Y	Hacker News new \| ask \| show \| jobs

by nshm 4772 days ago

There are so many toys like this out there. It's very simple to hardcode few simple commands in python script and show that as an advance in artifical intelligence. Some examples are

Simon https://sourceforge.net/projects/speech2text/ Vedics http://sourceforge.net/projects/vedics/ Palaver https://github.com/JamezQ/Palaver Voicekey http://sourceforge.net/projects/voicekey/

I could add 10 others. Unfortunately all such projects are practically unusable for a wide audience just because they lack very important features and provide only basic functions.
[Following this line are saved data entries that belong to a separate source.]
theorem nonneg_mat_perron_eigenvector:
  fixes A :: "real mat"
  assumes A: "A \<in> carrier_mat n n" and n: "n > 0"
    and A_nonneg: "\<And>i j. i < n \<Longrightarrow> j < n \<Longrightarrow> A $$ (i,j) \<ge> 0"
    and \<rho>: "rho A > 0"
  shows "\<exists>v. eigenvector A v (rho A) \<and> (\<forall>i<n. v $ i \<ge> 0)"
proof -
  obtain x where "x \<in> carrier_vec n" "x \<noteq> 0\<^sub>v n" "\<forall>i<n. x $ i \<ge> 0"
    "\<forall>i<n. rho A * x $ i \<le> (A *\<^sub>v x) $ i"
    using nonneg_mat_subinvariant_vec[OF A n A_nonneg] by blast
  moreover have "\<exists>b. \<forall>k i j. i < n \<longrightarrow> j < n \<longrightarrow> (A ^\<^sub>m k) $$ (i,j) \<le> b * r ^ k" if "r > rho A" for r
    using spectral_radius_pow_mat_bound[OF A n that] by (meson abs_le_D1)
  ultimately obtain u where "u \<in> carrier_vec n" "u \<noteq> 0\<^sub>v n" "\<forall>i<n. u $ i \<ge> 0" "A *\<^sub>v u = rho A \<cdot>\<^sub>v u"
    using nonneg_eigenvector_of_subinvariant_vec[OF A A_nonneg \<rho>] by blast
  then show ?thesis using A by (auto simp: eigenvector_def)
qed

lemma sum_lessThan_mult_blocks:
  fixes d n :: nat
  shows "(\<Sum>c<d * n. f c) = (\<Sum>q<d. \<Sum>j<n. f (q * n + j))"
proof -
  have "(\<Sum>c\<in>{q * n..<q * n + n}. f c) = (\<Sum>j<n. f (q * n + j))" for q
    using sum.shift_bounds_nat_ivl[of f 0 "q * n" n] by (simp add: atLeast0LessThan add.commute)
  then show ?thesis by (simp add: sum.nat_group[symmetric])
qed

lemma block_index_less:
  fixes p d i n :: nat
  assumes "p < d" "i < n"
  shows "p * n + i < d * n"
proof -
  have "p * n + i < Suc p * n" using assms by simp
  also have "\<dots> \<le> d * n" using assms by (intro mult_le_mono1) simp
  finally show ?thesis .
qed

lemma inv_mat_eqI:
  assumes A: "A \<in> carrier_mat n n" and B: "B \<in> carrier_mat n n"
    and "A * B = 1\<^sub>m n" "B * A = 1\<^sub>m n"
  shows "inv_mat A = B"
  unfolding inv_mat_def
proof (rule the_equality)
  fix X assume X: "X \<in> carrier_mat (dim_row A) (dim_row A) \<and> A * X = 1\<^sub>m (dim_row A) \<and> X * A = 1\<^sub>m (dim_row A)"
  then have "X = (B * A) * X" using A assms(4) by auto
  also have "\<dots> = B * (A * X)" using A B X by (intro assoc_mult_mat) auto
  finally show "X = B" using A B X by simp
qed (use assms in simp)

lemma inv_mat_one_minus_strictly_lower:
  fixes L :: "real mat"
  assumes L: "L \<in> carrier_mat N N"
    and upper_zero: "\<And>r c. r < N \<Longrightarrow> c < N \<Longrightarrow> r \<le> c \<Longrightarrow> L $$ (r,c) = 0"
  shows "inv_mat (1\<^sub>m N - L) \<in> carrier_mat N N"
    and "(1\<^sub>m N - L) * inv_mat (1\<^sub>m N - L) = 1\<^sub>m N"
    and "inv_mat (1\<^sub>m N - L) * (1\<^sub>m N - L) = 1\<^sub>m N"
proof -
  have IL: "1\<^sub>m N - L \<in> carrier_mat N N" using L by (intro minus_carrier_mat) auto
  have "det (1\<^sub>m N - L) = prod_list (diag_mat (1\<^sub>m N - L))"
    using L upper_zero by (intro det_lower_triangular[OF _ IL]) auto
  also have "diag_mat (1\<^sub>m N - L) = diag_mat (1\<^sub>m N)"
    using L upper_zero by (auto simp: diag_mat_def)
  finally have "det (1\<^sub>m N - L) \<noteq> 0" by simp
  then have "1\<^sub>m N - L \<in> Units (ring_mat TYPE(real) N undefined)"
    by (rule det_non_zero_imp_unit[OF IL])
  then obtain M where M: "M \<in> carrier_mat N N" "M * (1\<^sub>m N - L) = 1\<^sub>m N" "(1\<^sub>m N - L) * M = 1\<^sub>m N"
    by (auto simp: Units_def ring_mat_simps)
  then have "inv_mat (1\<^sub>m N - L) = M" by (intro inv_mat_eqI[OF IL])
  then show "inv_mat (1\<^sub>m N - L) \<in> carrier_mat N N"
    and "(1\<^sub>m N - L) * inv_mat (1\<^sub>m N - L) = 1\<^sub>m N"
    and "inv_mat (1\<^sub>m N - L) * (1\<^sub>m N - L) = 1\<^sub>m N"
    using M by simp_all
qed
(* Let $d\ge1$ and let $g=(\alpha_1,\dots,\alpha_d)\in(\mathbf{C}^* )^d$ with $\alpha_1,\dots,\alpha_d$ multiplicatively independent. Let $F\in\mathbf{C}[X_1^{\pm1},\dots,X_d^{\pm1}]$ be a Laurent polynomial such that the divisor $D=F^{-1}(0)\subset\mathbf{G}_m^d$ is irreducible and has finite stabilizer. Then the roots of the power sum $n\mapsto F(g^n)$ generate a subgroup of finite index in the multiplicative group generated by $\alpha_1,\dots,\alpha_d$.
   Context: A power sum is a function $n\mapsto \mathbf{f}(n)=\sum_{i=1}^k b_i\alpha_i^n$ with $k\ge1$, nonzero complex coefficients $b_i$ and pairwise distinct nonzero complex numbers $\alpha_i$; this representation is unique and the $\alpha_i$ are called the roots of $\mathbf{f}$. Here $g^n=(\alpha_1^n,\dots,\alpha_d^n)$. The stabilizer of $D\subset\mathbf{G}_m^d$ is $\{x\in\mathbf{G}_m^d: xD=D\}$. *)

theory Defs
  imports Complex_Main
begin

definition torus :: "nat \<Rightarrow> (nat \<Rightarrow> complex) set" where
  "torus d = {x. (\<forall>i<d. x i \<noteq> 0) \<and> (\<forall>i\<ge>d. x i = 1)}"

text \<open>A Laurent polynomial in X_1..X_d (indices 0..d-1): a finitely supported coefficient
  function on exponent vectors, exponent vectors vanishing at indices at least d.\<close>
definition laurent_poly :: "nat \<Rightarrow> ((nat \<Rightarrow> int) \<Rightarrow> complex) \<Rightarrow> bool" where
  "laurent_poly d c \<longleftrightarrow> finite {e. c e \<noteq> 0} \<and> (\<forall>e. c e \<noteq> 0 \<longrightarrow> (\<forall>i\<ge>d. e i = 0))"

definition lp_eval :: "nat \<Rightarrow> ((nat \<Rightarrow> int) \<Rightarrow> complex) \<Rightarrow> (nat \<Rightarrow> complex) \<Rightarrow> complex" where
  "lp_eval d c x = (\<Sum>e\<in>{e. c e \<noteq> 0}. c e * (\<Prod>i<d. x i powi e i))"

definition zariski_closed :: "nat \<Rightarrow> (nat \<Rightarrow> complex) set \<Rightarrow> bool" where
  "zariski_closed d Y \<longleftrightarrow> (\<exists>S. (\<forall>p\<in>S. laurent_poly d p) \<and>
      Y = {x\<in>torus d. \<forall>p\<in>S. lp_eval d p x = 0})"

definition zariski_irreducible :: "nat \<Rightarrow> (nat \<Rightarrow> complex) set \<Rightarrow> bool" where
  "zariski_irreducible d X \<longleftrightarrow> X \<noteq> {} \<and>
     (\<forall>Y Z. zariski_closed d Y \<longrightarrow> zariski_closed d Z \<longrightarrow> X = (X \<inter> Y) \<union> (X \<inter> Z)
        \<longrightarrow> X \<subseteq> Y \<or> X \<subseteq> Z)"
The problem is that advanced development require understanding of speech recognition internals, close cooperation with engine developers and hard user interface testing.

Here is the list of features one have to implement to provide even basic user experience:

1. Implement and test proper keyword spotting for voice activation. This feature is missing in Julius engine and all workarounds which are used do not provide enough accuracy.

2. Implement invisible speaker detection/online adaptation to deal with environment issues. With adaptation accuracy is extremely high for a few speakers. You can easily dictate free form speech.

3. Implement free-form speech. This part require data collection and native language understanding work.

4. Implement a framework to detect microphone and noise issues. Microphone issues like clipping are a major source of accuracy problems in speech recognition. Most engines do not care about proper microphone.

5. Provide an easy way to add new commands with no training and no knowledge of phonetics. This reqiures G2P component which converts unknown words to phonemes like the one provided by CMUSphinx.

6. Implement dialog management and error correction. So that user can not just run queries but have a conversation with the application. Interstingly, that requires update of the previous engine results and analysis of n-best lists or lattices.

So I hope someone would start doing real work on speech interfaces with close cooperation with engine developers. That would create amazing things to demonstrate.